Robertson, Charles

PORTRAIT AND BIOGRAPHICAL RECORD
MACOUPIN COUNTY ILLINOIS - 1891

Chicago: Biographical Publishing Company


Page 858

PROF. CHARLES ROBERTSON. The vital and liberal tendencies of the Prairie State have given fresh impulse and breadth of vision to many a man of Eastern blood and breeding. A man with scientific instincts finds in the West a freedom from traditions and a stimulus to investigate which he might have missed in a narrower sphere. Macoupin County is justly proud of the record of the gentleman whose name appears at the head of this sketch, and he is acknowledged to be one of the leading scientists of our country, having made a special study of botany and entomology and being a discoverer in the path which Speagel, Darwin and Hermann Muller pointed out.

The subject of our sketch is a native of this county, being born in Carlinville June 12, 1858. His father, Dr. William A. Robertson, was born near Liberty, Bedford County, Va., October 27, 1803. His father, Dr. William Robertson, was a practicing physician and moved from Virginia to Knoxville, Tenn., in 1803, soon after the birth of his son. He resided there for a short time and then went to Kentucky, where he settled in Lexington, but after a short time removed to Harrodsburg and followed his profession there.

The father of our subject was quite young when his father moved to Kentucky. He attended school at New London Academy in Virginia, and commencing the study of medicine quite early, graduated at Transylvania College.
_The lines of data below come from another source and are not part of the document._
lemma linear_eq_inner_sum_Basis:
  fixes l :: "'a::euclidean_space \<Rightarrow> real"
  assumes "linear l"
  shows "l h = (\<Sum>b\<in>Basis. l b *\<^sub>R b) \<bullet> h"
proof -
  have "l h = l (\<Sum>b\<in>Basis. (h \<bullet> b) *\<^sub>R b)"
    by (simp add: euclidean_representation)
  also have "\<dots> = (\<Sum>b\<in>Basis. (h \<bullet> b) * l b)"
    using assms by (simp add: linear_sum linear_scale)
  also have "\<dots> = (\<Sum>b\<in>Basis. l b *\<^sub>R b) \<bullet> h"
    by (simp add: inner_sum_left inner_sum_right inner_commute mult.commute)
  finally show ?thesis .
qed

lemma grad_eqI:
  fixes g :: "'a::real_inner \<Rightarrow> real"
  assumes "(g has_derivative (\<lambda>h. v \<bullet> h)) (at p)"
  shows "grad g p = v"
  unfolding grad_def
proof (rule the_equality)
  fix w assume "(g has_derivative (\<lambda>h. w \<bullet> h)) (at p)"
  from this assms have "(\<lambda>h. w \<bullet> h) = (\<lambda>h. v \<bullet> h)"
    by (rule has_derivative_unique)
  then have "(w - v) \<bullet> (w - v) = 0"
    by (metis inner_diff_left right_minus_eq)
  then show "w = v"
    by simp
qed (rule assms)

lemma grad_eq_sum_Basis:
  fixes g :: "'a::euclidean_space \<Rightarrow> real"
  assumes "(g has_derivative l) (at p)"
  shows "grad g p = (\<Sum>b\<in>Basis. l b *\<^sub>R b)"
proof (rule grad_eqI)
  have "linear l"
    using assms by (simp add: has_derivative_linear)
  with assms show "(g has_derivative (\<lambda>h. (\<Sum>b\<in>Basis. l b *\<^sub>R b) \<bullet> h)) (at p)"
    by (simp add: linear_eq_inner_sum_Basis[symmetric])
qed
He practiced for a time in Kentucky and in 1830 emigrated to Illinois, making his home at Edwardsville, in Madison County. A little later he practiced his profession in Alton, but subsequently abandoned it and engaged in farming. In 1835 he removed to Carlinville, where ten years later he engaged in general merchandising. He was a man of rare good sense and of more than ordinary financial ability. He was possessed of considerable literary ability and was liberal with his wealth, his private charities being numerous and his donations to institutions of learning and religion generous. He died February 5, 1880, leaving behind him a precious memory as a heritage to his children.

The father of our subject was married October 18, 1842, to Nancy H., daughter of Rev. Charles Halliday. She was born near Scottsville, Allen County, Ky., November 14, 1821. Her father, Rev. Charles Halliday, was born in Baltimore, Md. His father, James Halliday, was a native of Annandale, Dumfrieshire, Scotland, and came to America in Colonial times, making a settlement in Baltimore.

Charles Halliday was fifteen years old when his father died. He was educated in Baltimore and Fredericksburg for the ministry of the Presbyterian Church, but before entering it he joined the Methodist Episcopal Church and became a preacher in that denomination.

He who is now known as Prof. Robertson received his early education in the public schools of Carlinville, and finally advanced to Blackburn University and in 1880 became a teacher in that institution, taking up the branches of botany, physiology an Greek. He taught until 1886 since which time he has attended to the affairs of his private business and pursued his independent studies. He is a member of the American Association for the Advancement of Sciences, of the Cambridge Entomological Club, of the Western Society of Naturalists, of the Indiana Academy of Science and of the Entomological Society of France. He was married in November, 1879, to Alice McDonald Venable, a native of Indiana. They have one child named Mary. Prof. Robertson is independent in politics and is a contributor to the following journals: Botanical Gazette, Transactions of the American Entomological Society, Transactions of the St. Louis Academy of Science, Entomological News, etc. It is fortunate, indeed, for science when such men as this have the means to free tem from sordid cares and enable them to devote themselves untiringly to scientific researches.